Section 223D. (a) If a person is found guilty of committing a fraudulent life settlement act, that person shall also be guilty of committing insurance fraud and shall be subject to additional penalties.
(b) The commissioner may levy a civil penalty, not to exceed $10,000 for each violation, upon any person, including those persons and their employees licensed pursuant to sections 213 to 223E, inclusive, who is found to have committed a fraudulent life settlement act or violated any other provision of sections 213 to 223E, inclusive.
(c) The license of a person licensed under sections 213 to 223E, inclusive, that has committed a fraudulent life settlement act shall be revoked for at least 1 year.
Section 223E. A violation of sections 213 to 223E, inclusive, shall be an unfair trade practice under sections 3 and 4 of chapter 176D and shall be subject to the penalties set forth in section 7 of said chapter 176D.
Section 223F. The commissioner may promulgate regulations to implement sections 212 to 223E, inclusive.
SECTION 2. (a) A person licensed to act as a viatical settlement broker or viatical settlement provider on the effective date of this act shall be deemed to be qualified for licensure as a life settlement broker or life settlement provider, respectively, and shall be subject to sections 213 to 223E, inclusive, of chapter 175 of the General Laws as if the person was originally licensed as a life settlement broker or life settlement provider.
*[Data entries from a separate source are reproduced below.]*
(* Let $x,y\in\mathbb{Q}$ and let $\mathcal{A}$ be the Apollonian disk packing generated by a tricycle whose three disks have signed curvatures $1-y$, $x^2+y^2-y$ and $y$. Then there is a positive integer $N$ such that multiplying all curvatures of the disks of $\mathcal{A}$ by $N$ (i.e. rescaling the packing) yields an integral packing: every disk of the rescaled packing has integer curvature.
   Context: A tricycle is a triple of mutually tangent (generalized) disks (circles or lines, with signed curvatures, a line having curvature $0$ and an enclosing disk having negative curvature). A Descartes configuration is a quadruple of mutually tangent disks, with curvatures satisfying $(a+b+c+d)^2=2(a^2+b^2+c^2+d^2)$. The Apollonian disk packing generated by a tricycle is obtained by recursively completing every tricycle already constructed to a Descartes configuration. The triple $(1-y,\,x^2+y^2-y,\,y)$ is the curvature triple of the tricycle described by the tangency Pauli spinor $(1,\,x+iy)$, i.e. by the two tangency spinors $(1,0)$ and $(x,y)$ issuing from the disk of curvature $y$. *)

theory Defs
  imports Complex_Main
begin

definition descartes :: "real \<Rightarrow> real \<Rightarrow> real \<Rightarrow> real \<Rightarrow> bool" where
  "descartes a b c d \<longleftrightarrow> (a + b + c + d)\<^sup>2 = 2 * (a\<^sup>2 + b\<^sup>2 + c\<^sup>2 + d\<^sup>2)"

text \<open>Curvature triples of the tricycles of the Apollonian packing generated by a
  tricycle with curvatures a, b, c: start from (a,b,c); every tricycle (p,q,r)
  already constructed is completed to a Descartes configuration (p,q,r,s) (every
  solution s of the Descartes relation, i.e. both completions), which produces the
  new tricycles (p,q,s), (p,r,s), (q,r,s).\<close>
inductive apollonian_tricycle :: "real \<Rightarrow> real \<Rightarrow> real \<Rightarrow> real \<times> real \<times> real \<Rightarrow> bool"
  for a b c where
  init: "apollonian_tricycle a b c (a, b, c)"
| step1: "apollonian_tricycle a b c (p, q, r) \<Longrightarrow> descartes p q r s \<Longrightarrow>
          apollonian_tricycle a b c (p, q, s)"
| step2: "apollonian_tricycle a b c (p, q, r) \<Longrightarrow> descartes p q r s \<Longrightarrow>
          apollonian_tricycle a b c (p, r, s)"
| step3: "apollonian_tricycle a b c (p, q, r) \<Longrightarrow> descartes p q r s \<Longrightarrow>
          apollonian_tricycle a b c (q, r, s)"

definition apollonian_curvatures :: "real \<Rightarrow> real \<Rightarrow> real \<Rightarrow> real set" where
  "apollonian_curvatures a b c =
     {k. \<exists>p q r. apollonian_tricycle a b c (p, q, r) \<and> (k = p \<or> k = q \<or> k = r)}"

end

theory Submission
  imports Defs
begin

text \<open>If the tricycle \<open>(p, q, r)\<close> has integer curvatures and \<open>pq + qr + rp = m\<^sup>2\<close> with \<open>m\<close> an
  integer, then both Descartes completions \<open>s = p + q + r \<plusminus> 2m\<close> are integers, and each new
  tricycle inherits the same property: e.g. \<open>pq + qs + sp = (p + q \<plusminus> m)\<^sup>2\<close>. Hence an integral
  tricycle generates an integral packing. The tricycle of the Pauli spinor \<open>(1, x + iy)\<close> has
  \<open>pq + qr + rp = x\<^sup>2\<close>, so scaling it by \<open>D\<^sup>2\<close>, where \<open>D\<close> clears the denominators of \<open>x\<close> and \<open>y\<close>,
  makes it integral; and scaling commutes with generating the packing.\<close>

definition integral_tricycle :: "real \<Rightarrow> real \<Rightarrow> real \<Rightarrow> bool" where
  "integral_tricycle p q r \<longleftrightarrow> p \<in> \<int> \<and> q \<in> \<int> \<and> r \<in> \<int> \<and> (\<exists>m\<in>\<int>. p*q + q*r + r*p = m\<^sup>2)"

lemma descartes_solutions:
  assumes "descartes p q r s" and "p*q + q*r + r*p = m\<^sup>2"
  shows "s = p + q + r + 2*m \<or> s = p + q + r - 2*m"
proof -
  have "(s - (p + q + r))\<^sup>2 = (2*m)\<^sup>2"
    using assms unfolding descartes_def by (simp add: power2_eq_square algebra_simps)
  then have "s - (p + q + r) = 2*m \<or> s - (p + q + r) = -(2*m)"
    using power2_eq_iff by blast
  then show ?thesis
    by linarith
qed

lemma descartes_scale:
  assumes "descartes p q r s"
  shows "descartes (c*p) (c*q) (c*r) (c*s)"
proof -
  have "(c*p + c*q + c*r + c*s)\<^sup>2 = c\<^sup>2 * (p + q + r + s)\<^sup>2"
    by (simp add: power2_eq_square algebra_simps)
  moreover have "(c*p)\<^sup>2 + (c*q)\<^sup>2 + (c*r)\<^sup>2 + (c*s)\<^sup>2 = c\<^sup>2 * (p\<^sup>2 + q\<^sup>2 + r\<^sup>2 + s\<^sup>2)"
    by (simp add: power2_eq_square algebra_simps)
  ultimately show ?thesis
    using assms unfolding descartes_def by simp
qed

lemma sum_products_completion:
  fixes p q r s m :: "'a::comm_ring_1"
  assumes "p*q + q*r + r*p = m\<^sup>2" and "s = p + q + r + 2*m"
  shows "p*q + q*s + s*p = (p + q + m)\<^sup>2"
proof -
  have "p*q + q*s + s*p = (p*q + q*r + r*p) + (p + q)\<^sup>2 + 2*m*(p + q)"
    using assms(2) by (simp add: power2_eq_square algebra_simps)
  then show ?thesis
    using assms(1) by (simp add: power2_eq_square algebra_simps)
qed

lemma integral_tricycle_descartes:
  assumes "integral_tricycle p q r" and "descartes p q r s"
  shows "integral_tricycle p q s \<and> integral_tricycle p r s \<and> integral_tricycle q r s"
proof -
  obtain m where ints: "p \<in> \<int>" "q \<in> \<int>" "r \<in> \<int>" "m \<in> \<int>" and m: "p*q + q*r + r*p = m\<^sup>2"
    using assms(1) unfolding integral_tricycle_def by blast
  obtain n where n: "n \<in> \<int>" "p*q + q*r + r*p = n\<^sup>2" and s: "s = p + q + r + 2*n"
  proof (cases "s = p + q + r + 2*m")
    case True
    then show ?thesis using that ints m by blast
  next
    case False
    then have "s = p + q + r + 2*(-m)"
      using descartes_solutions[OF assms(2) m] by simp
    then show ?thesis using that[of "-m"] ints m by simp
  qed
  have "s \<in> \<int>"
    using s ints n by simp
  moreover have "p*q + q*s + s*p = (p + q + n)\<^sup>2"
    using sum_products_completion[OF n(2) s] .
  moreover have "p*r + r*s + s*p = (p + r + n)\<^sup>2"
    using sum_products_completion[of p r q n s] n(2) s by (simp add: algebra_simps)
  moreover have "q*r + r*s + s*q = (q + r + n)\<^sup>2"
    using sum_products_completion[of q r p n s] n(2) s by (simp add: algebra_simps)
  ultimately show ?thesis
    using ints n(1) unfolding integral_tricycle_def by (metis Ints_add)
qed

lemma apollonian_tricycle_integral:
  assumes "apollonian_tricycle a b c (p, q, r)" and "integral_tricycle a b c"
  shows "integral_tricycle p q r"
  using assms
  by (induction "(p, q, r)" arbitrary: p q r rule: apollonian_tricycle.induct)
    (auto dest: integral_tricycle_descartes)

lemma apollonian_tricycle_scale:
  assumes "apollonian_tricycle a b c (p, q, r)"
  shows "apollonian_tricycle (t*a) (t*b) (t*c) (t*p, t*q, t*r)"
  using assms
  by (induction "(p, q, r)" arbitrary: p q r rule: apollonian_tricycle.induct)
    (auto intro: apollonian_tricycle.intros dest: descartes_scale)

lemma apollonian_curvatures_integral:
  assumes "integral_tricycle a b c"
  shows "apollonian_curvatures a b c \<subseteq> \<int>"
  using apollonian_tricycle_integral[OF _ assms]
  unfolding apollonian_curvatures_def integral_tricycle_def by blast

lemma apollonian_curvatures_scale:
  assumes "k \<in> apollonian_curvatures a b c"
  shows "t*k \<in> apollonian_curvatures (t*a) (t*b) (t*c)"
  using assms apollonian_tricycle_scale
  unfolding apollonian_curvatures_def by blast

lemma Rats_common_denominator:
  assumes "x \<in> \<rat>" and "y \<in> \<rat>"
  obtains D :: nat where "D > 0" "real D * x \<in> \<int>" "real D * y \<in> \<int>"
proof -
  obtain a b where x: "x = of_int a / of_int b" and "b > 0"
    using assms(1) by (metis Rats_cases')
  obtain c d where y: "y = of_int c / of_int d" and "d > 0"
    using assms(2) by (metis Rats_cases')
  have "real (nat (b*d)) = of_int b * of_int d"
    using \<open>b > 0\<close> \<open>d > 0\<close> by simp
  moreover have "of_int b * of_int d * x = of_int (a*d)" "of_int b * of_int d * y = of_int (c*b)"
    using x y \<open>b > 0\<close> \<open>d > 0\<close> by (simp_all add: field_simps)
  ultimately show ?thesis
    using that[of "nat (b*d)"] \<open>b > 0\<close> \<open>d > 0\<close> by (metis Ints_of_int zero_less_mult_iff zero_less_nat_eq)
qed

lemma pauli_tricycle_sum_products:
  fixes x y :: "'a::comm_ring_1"
  shows "(1 - y)*(x\<^sup>2 + y\<^sup>2 - y) + (x\<^sup>2 + y\<^sup>2 - y)*y + y*(1 - y) = x\<^sup>2"
  by (simp add: power2_eq_square algebra_simps)

lemma pauli_tricycle_scaled_integral:
  fixes x y D :: real
  assumes "D \<in> \<int>" "D*x \<in> \<int>" "D*y \<in> \<int>"
  shows "integral_tricycle (D\<^sup>2*(1 - y)) (D\<^sup>2*(x\<^sup>2 + y\<^sup>2 - y)) (D\<^sup>2*y)"
proof -
  have "D\<^sup>2*(1 - y) = D*D - D*(D*y)" "D\<^sup>2*(x\<^sup>2 + y\<^sup>2 - y) = (D*x)\<^sup>2 + (D*y)\<^sup>2 - D*(D*y)"
    "D\<^sup>2*y = D*(D*y)"
    by (simp_all add: power2_eq_square algebra_simps)
  moreover have "D\<^sup>2*(1 - y) * (D\<^sup>2*(x\<^sup>2 + y\<^sup>2 - y)) + D\<^sup>2*(x\<^sup>2 + y\<^sup>2 - y) * (D\<^sup>2*y)
      + D\<^sup>2*y * (D\<^sup>2*(1 - y)) = (D*(D*x))\<^sup>2"
    using pauli_tricycle_sum_products[of y x] by (simp add: power2_eq_square algebra_simps)
  ultimately show ?thesis
    using assms unfolding integral_tricycle_def by (metis Ints_diff Ints_add Ints_mult Ints_power)
qed

theorem proposition6:
  fixes x y :: real
  assumes "x \<in> \<rat>" and "y \<in> \<rat>"
  shows "\<exists>N::nat. N > 0 \<and>
    (\<forall>k \<in> apollonian_curvatures (1 - y) (x\<^sup>2 + y\<^sup>2 - y) y. real N * k \<in> \<int>)"
proof -
  obtain D :: nat where "D > 0" "real D * x \<in> \<int>" "real D * y \<in> \<int>"
    using Rats_common_denominator[OF assms] .
  then have "integral_tricycle (real (D\<^sup>2)*(1 - y)) (real (D\<^sup>2)*(x\<^sup>2 + y\<^sup>2 - y)) (real (D\<^sup>2)*y)"
    using pauli_tricycle_scaled_integral[of "real D"] by simp
  then have "real (D\<^sup>2) * k \<in> \<int>" if "k \<in> apollonian_curvatures (1 - y) (x\<^sup>2 + y\<^sup>2 - y) y" for k
    using apollonian_curvatures_integral apollonian_curvatures_scale[OF that] by blast
  then show ?thesis
    using \<open>D > 0\<close> by (metis zero_less_power)
qed

end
(b) A viatical settlement provider lawfully transacting business prior to the effective date of this act may continue to do so pending approval or disapproval of the application for a license as long as the application is filed with the commissioner not later than 30 days after publication by the commissioner of an application form and instructions for licensure of life settlement providers. During the time that an application is pending with the commissioner, the applicant may use any form of life settlement contract that has been filed with the commissioner pending approval thereof; provided, however, that such form shall otherwise be in compliance with sections 213 to 223E, inclusive. Any person transacting business under this section shall comply with all other requirements of this act.
(c) A person who has lawfully negotiated life settlement contracts between an owner residing in the commonwealth and a life settlement providers for at least 1 year immediately prior to the effective date of this act may continue to do so pending approval or disapproval of that person’s application for a license as long as the application is filed with the commissioner not later than 30 days after publication by the commissioner of an application form and instructions for licensure of life settlement brokers. Any person transacting business under this section shall be obligated to comply with all other requirements of this act.
SECTION 3. Nothing in this act shall limit the incontestability standard as set forth in section 132 of chapter 175 of the General Laws.
SECTION 4. This act shall apply to life settlement contracts entered into on or after June 1, 2013, involving a life insurance policy in effect, or entered into, on or after the effective date of this act.